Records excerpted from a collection
- - -
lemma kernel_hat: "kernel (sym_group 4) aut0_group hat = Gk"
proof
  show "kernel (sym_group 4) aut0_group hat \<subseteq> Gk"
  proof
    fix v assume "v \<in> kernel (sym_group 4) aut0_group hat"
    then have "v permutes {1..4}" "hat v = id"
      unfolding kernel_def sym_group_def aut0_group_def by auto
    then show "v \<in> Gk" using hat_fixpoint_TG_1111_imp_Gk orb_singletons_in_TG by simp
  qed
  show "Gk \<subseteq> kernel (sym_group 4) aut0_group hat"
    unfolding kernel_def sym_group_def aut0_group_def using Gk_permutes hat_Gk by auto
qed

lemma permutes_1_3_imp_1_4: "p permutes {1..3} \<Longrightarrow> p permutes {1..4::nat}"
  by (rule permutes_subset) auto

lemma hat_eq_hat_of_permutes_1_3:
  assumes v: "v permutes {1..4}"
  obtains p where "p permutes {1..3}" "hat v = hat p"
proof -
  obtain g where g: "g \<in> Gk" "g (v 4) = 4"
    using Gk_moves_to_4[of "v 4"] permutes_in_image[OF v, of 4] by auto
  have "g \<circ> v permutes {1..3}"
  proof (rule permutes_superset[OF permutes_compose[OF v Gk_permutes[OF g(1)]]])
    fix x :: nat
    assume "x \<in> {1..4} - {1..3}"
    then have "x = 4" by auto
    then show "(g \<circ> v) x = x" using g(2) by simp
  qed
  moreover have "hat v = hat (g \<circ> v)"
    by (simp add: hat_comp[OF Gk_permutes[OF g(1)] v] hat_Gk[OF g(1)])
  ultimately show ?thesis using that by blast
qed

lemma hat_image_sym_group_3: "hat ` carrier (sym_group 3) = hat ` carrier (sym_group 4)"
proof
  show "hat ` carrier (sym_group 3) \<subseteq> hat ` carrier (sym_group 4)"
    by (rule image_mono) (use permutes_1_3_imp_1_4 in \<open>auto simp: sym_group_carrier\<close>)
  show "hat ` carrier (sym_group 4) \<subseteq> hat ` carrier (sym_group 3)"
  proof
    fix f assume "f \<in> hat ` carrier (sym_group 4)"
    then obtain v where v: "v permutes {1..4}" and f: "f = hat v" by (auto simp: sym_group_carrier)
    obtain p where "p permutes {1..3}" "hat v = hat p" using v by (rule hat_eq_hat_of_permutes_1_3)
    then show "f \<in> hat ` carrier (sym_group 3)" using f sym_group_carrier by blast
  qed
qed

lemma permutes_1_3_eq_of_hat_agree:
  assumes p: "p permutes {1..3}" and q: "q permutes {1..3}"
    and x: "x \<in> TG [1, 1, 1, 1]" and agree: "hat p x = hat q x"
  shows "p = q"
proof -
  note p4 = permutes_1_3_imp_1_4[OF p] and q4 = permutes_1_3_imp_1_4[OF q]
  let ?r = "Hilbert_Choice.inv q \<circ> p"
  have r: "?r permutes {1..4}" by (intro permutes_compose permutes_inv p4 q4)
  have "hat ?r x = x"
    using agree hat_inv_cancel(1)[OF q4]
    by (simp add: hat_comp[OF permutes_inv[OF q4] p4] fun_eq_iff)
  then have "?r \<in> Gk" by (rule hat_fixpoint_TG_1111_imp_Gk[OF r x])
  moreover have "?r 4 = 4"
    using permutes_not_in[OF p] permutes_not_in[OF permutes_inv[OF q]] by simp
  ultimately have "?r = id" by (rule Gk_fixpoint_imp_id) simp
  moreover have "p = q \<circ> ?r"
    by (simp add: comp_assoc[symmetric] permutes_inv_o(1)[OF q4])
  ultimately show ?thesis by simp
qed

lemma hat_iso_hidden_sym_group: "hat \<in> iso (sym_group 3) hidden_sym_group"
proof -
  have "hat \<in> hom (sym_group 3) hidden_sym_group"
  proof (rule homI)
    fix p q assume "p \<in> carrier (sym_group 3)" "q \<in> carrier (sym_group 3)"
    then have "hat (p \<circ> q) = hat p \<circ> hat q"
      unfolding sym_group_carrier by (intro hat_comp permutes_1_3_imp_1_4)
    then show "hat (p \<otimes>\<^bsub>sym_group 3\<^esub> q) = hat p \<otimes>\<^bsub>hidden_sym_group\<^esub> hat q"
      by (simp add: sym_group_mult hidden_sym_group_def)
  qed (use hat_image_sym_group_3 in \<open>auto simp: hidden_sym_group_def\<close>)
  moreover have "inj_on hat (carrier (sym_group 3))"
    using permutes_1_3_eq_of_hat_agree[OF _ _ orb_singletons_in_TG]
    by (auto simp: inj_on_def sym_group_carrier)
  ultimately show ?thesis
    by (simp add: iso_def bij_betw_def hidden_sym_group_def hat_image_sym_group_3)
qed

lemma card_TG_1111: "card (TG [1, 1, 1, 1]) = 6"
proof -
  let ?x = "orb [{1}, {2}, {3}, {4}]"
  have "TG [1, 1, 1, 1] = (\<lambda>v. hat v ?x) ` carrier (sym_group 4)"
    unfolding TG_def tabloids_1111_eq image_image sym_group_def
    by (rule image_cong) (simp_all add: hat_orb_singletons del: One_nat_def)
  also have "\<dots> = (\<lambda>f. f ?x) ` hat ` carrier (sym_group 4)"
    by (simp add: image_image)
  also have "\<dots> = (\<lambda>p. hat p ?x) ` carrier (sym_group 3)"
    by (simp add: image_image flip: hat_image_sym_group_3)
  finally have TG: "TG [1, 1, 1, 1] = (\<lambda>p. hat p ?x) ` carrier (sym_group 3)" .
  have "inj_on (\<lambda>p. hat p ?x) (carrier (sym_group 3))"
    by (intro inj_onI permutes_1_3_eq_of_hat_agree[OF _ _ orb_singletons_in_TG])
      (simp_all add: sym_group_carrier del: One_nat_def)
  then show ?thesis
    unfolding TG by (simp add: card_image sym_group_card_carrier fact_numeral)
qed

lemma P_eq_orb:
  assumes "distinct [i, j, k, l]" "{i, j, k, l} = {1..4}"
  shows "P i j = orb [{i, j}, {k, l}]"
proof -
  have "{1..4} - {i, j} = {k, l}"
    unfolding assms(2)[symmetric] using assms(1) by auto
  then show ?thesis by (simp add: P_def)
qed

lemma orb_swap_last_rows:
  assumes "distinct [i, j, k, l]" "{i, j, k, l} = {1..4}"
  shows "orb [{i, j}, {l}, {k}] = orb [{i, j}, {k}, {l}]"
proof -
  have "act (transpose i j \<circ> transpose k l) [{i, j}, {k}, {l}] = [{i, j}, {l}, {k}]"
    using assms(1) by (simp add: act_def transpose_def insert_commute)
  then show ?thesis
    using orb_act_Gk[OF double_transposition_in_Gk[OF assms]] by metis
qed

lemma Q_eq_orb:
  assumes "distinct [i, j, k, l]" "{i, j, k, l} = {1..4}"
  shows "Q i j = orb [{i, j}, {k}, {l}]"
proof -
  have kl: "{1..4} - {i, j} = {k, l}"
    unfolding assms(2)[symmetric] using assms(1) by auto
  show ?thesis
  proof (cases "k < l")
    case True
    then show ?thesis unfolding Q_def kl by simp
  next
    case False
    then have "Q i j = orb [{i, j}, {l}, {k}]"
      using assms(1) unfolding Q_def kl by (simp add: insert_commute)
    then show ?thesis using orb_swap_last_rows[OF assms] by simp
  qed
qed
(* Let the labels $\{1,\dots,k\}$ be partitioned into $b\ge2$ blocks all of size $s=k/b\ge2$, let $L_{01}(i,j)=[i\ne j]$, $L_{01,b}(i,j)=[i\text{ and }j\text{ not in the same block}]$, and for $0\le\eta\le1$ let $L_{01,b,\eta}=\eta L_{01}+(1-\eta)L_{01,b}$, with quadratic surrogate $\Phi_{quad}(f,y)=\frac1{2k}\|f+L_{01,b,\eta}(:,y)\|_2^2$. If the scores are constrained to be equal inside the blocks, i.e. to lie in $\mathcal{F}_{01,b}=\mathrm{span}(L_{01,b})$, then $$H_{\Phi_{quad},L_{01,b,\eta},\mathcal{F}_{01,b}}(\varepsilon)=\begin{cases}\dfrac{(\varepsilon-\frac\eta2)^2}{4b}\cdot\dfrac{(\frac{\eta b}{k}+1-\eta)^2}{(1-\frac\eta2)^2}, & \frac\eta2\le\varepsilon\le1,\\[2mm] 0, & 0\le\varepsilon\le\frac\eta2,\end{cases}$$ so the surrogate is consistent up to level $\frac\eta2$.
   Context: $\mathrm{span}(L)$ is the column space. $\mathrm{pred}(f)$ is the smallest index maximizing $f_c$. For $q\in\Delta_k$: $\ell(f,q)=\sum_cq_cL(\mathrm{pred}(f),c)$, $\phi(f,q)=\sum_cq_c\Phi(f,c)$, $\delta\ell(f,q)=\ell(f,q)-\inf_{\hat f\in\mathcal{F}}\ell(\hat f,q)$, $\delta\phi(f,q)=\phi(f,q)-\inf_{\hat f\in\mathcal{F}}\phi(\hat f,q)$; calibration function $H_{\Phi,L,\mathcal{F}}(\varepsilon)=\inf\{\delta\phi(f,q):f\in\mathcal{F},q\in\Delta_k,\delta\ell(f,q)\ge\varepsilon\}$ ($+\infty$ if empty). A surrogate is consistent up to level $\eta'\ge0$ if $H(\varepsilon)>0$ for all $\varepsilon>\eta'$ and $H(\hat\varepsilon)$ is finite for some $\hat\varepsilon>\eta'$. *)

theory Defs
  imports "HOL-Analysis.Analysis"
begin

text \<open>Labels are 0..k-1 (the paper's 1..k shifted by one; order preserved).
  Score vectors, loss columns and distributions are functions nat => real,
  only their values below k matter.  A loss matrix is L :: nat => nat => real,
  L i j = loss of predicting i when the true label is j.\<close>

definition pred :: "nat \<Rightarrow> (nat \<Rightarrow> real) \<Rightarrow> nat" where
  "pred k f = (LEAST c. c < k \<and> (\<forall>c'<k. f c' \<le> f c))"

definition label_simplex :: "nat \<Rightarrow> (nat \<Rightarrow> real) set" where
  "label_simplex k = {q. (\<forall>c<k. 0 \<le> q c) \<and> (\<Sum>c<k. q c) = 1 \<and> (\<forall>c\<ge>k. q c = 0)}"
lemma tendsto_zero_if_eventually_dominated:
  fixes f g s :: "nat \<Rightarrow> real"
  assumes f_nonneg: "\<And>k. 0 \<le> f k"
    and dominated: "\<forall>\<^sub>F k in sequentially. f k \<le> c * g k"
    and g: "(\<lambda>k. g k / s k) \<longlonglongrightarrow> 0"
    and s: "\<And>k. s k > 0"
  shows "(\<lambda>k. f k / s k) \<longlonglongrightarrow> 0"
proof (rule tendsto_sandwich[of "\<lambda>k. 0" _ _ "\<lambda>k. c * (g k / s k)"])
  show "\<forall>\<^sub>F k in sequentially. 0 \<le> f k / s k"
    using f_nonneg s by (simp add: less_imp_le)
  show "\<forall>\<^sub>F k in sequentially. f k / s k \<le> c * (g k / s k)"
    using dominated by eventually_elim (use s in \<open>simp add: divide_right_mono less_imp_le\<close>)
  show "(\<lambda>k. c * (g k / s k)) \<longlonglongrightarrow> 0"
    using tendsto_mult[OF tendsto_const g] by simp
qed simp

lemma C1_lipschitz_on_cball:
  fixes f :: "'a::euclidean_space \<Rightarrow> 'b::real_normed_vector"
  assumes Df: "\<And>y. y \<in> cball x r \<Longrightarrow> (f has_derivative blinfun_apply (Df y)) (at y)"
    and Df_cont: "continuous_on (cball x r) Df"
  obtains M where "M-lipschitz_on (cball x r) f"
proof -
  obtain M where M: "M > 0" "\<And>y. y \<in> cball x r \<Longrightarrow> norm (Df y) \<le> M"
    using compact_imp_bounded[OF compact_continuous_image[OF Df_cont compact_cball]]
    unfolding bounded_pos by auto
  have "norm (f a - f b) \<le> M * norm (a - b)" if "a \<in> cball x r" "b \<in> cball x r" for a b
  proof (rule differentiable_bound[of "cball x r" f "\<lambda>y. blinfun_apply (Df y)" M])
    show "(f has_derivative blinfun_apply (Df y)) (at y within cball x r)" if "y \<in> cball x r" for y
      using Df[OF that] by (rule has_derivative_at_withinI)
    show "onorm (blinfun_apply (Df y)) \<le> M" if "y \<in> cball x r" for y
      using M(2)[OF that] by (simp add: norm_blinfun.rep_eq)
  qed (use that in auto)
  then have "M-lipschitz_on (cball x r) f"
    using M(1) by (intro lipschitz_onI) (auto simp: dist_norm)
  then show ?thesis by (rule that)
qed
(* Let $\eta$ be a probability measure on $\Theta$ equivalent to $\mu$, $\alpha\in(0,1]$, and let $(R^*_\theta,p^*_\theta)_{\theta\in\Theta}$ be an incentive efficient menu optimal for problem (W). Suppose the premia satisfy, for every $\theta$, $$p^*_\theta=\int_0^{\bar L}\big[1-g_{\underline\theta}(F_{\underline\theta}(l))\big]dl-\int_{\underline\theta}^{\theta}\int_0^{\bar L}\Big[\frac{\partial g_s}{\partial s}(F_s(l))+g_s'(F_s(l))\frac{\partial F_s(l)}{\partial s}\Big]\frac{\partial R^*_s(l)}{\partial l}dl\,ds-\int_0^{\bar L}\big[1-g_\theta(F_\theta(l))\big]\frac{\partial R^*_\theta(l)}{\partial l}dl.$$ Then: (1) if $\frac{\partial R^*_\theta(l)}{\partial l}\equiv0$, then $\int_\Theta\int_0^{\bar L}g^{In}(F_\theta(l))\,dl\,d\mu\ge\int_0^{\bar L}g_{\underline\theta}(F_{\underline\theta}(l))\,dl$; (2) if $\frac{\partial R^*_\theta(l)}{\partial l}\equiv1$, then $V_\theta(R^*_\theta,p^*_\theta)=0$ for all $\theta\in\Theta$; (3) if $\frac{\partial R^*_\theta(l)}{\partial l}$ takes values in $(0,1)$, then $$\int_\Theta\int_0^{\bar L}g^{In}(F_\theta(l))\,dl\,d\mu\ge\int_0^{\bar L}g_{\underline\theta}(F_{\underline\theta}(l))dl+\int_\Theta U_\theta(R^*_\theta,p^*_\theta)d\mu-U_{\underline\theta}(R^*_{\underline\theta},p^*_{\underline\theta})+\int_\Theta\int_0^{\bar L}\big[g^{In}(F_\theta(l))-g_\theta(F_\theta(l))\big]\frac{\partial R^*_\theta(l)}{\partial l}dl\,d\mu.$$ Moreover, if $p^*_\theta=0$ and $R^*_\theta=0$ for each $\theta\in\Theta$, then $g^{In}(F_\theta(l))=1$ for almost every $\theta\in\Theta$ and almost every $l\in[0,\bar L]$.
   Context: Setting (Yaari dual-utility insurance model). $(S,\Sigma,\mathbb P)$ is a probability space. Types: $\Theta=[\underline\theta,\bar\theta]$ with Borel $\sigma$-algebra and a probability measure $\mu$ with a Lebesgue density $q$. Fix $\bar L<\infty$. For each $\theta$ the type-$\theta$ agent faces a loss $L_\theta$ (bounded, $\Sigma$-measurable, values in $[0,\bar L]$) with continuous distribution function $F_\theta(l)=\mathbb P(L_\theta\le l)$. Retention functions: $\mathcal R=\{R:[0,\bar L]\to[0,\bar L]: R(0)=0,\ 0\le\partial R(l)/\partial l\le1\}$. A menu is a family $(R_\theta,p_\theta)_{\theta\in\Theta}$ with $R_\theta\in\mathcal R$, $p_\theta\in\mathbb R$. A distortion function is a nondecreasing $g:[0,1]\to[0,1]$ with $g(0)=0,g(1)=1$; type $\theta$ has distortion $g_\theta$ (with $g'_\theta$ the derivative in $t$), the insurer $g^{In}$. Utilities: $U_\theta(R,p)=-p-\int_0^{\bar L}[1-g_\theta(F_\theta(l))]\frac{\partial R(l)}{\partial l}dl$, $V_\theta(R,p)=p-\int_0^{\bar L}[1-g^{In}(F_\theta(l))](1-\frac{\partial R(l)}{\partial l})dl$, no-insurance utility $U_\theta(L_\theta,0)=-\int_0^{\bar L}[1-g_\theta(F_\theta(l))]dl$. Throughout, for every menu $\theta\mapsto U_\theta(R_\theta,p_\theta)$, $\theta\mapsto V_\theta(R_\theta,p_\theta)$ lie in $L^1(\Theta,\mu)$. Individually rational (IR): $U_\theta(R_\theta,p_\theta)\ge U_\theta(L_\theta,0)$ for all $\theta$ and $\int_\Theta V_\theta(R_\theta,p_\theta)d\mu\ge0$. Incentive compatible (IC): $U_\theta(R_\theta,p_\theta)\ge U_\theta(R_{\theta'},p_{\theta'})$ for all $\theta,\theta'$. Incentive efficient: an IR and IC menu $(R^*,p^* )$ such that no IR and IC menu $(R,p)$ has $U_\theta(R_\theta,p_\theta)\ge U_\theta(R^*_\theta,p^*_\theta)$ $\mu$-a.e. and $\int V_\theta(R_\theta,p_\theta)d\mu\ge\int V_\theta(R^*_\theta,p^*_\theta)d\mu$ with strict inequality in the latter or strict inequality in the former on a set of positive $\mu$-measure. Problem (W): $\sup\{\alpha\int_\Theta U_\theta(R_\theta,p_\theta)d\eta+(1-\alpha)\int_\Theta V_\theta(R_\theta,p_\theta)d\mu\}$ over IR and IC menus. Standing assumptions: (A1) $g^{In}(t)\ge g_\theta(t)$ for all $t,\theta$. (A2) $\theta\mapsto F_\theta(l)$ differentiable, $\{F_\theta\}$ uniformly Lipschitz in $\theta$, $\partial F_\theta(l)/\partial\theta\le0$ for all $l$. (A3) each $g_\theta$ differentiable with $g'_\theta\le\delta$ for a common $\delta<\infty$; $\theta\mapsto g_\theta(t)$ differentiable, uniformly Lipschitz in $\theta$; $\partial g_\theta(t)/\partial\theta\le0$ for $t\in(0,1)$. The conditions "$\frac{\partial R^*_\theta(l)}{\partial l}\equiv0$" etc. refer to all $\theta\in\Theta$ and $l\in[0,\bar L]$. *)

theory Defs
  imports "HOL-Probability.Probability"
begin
- - -
BRIEF:
Say only how many lines in the records carry the word "ultimately".

WRITTEN SOLUTION:
4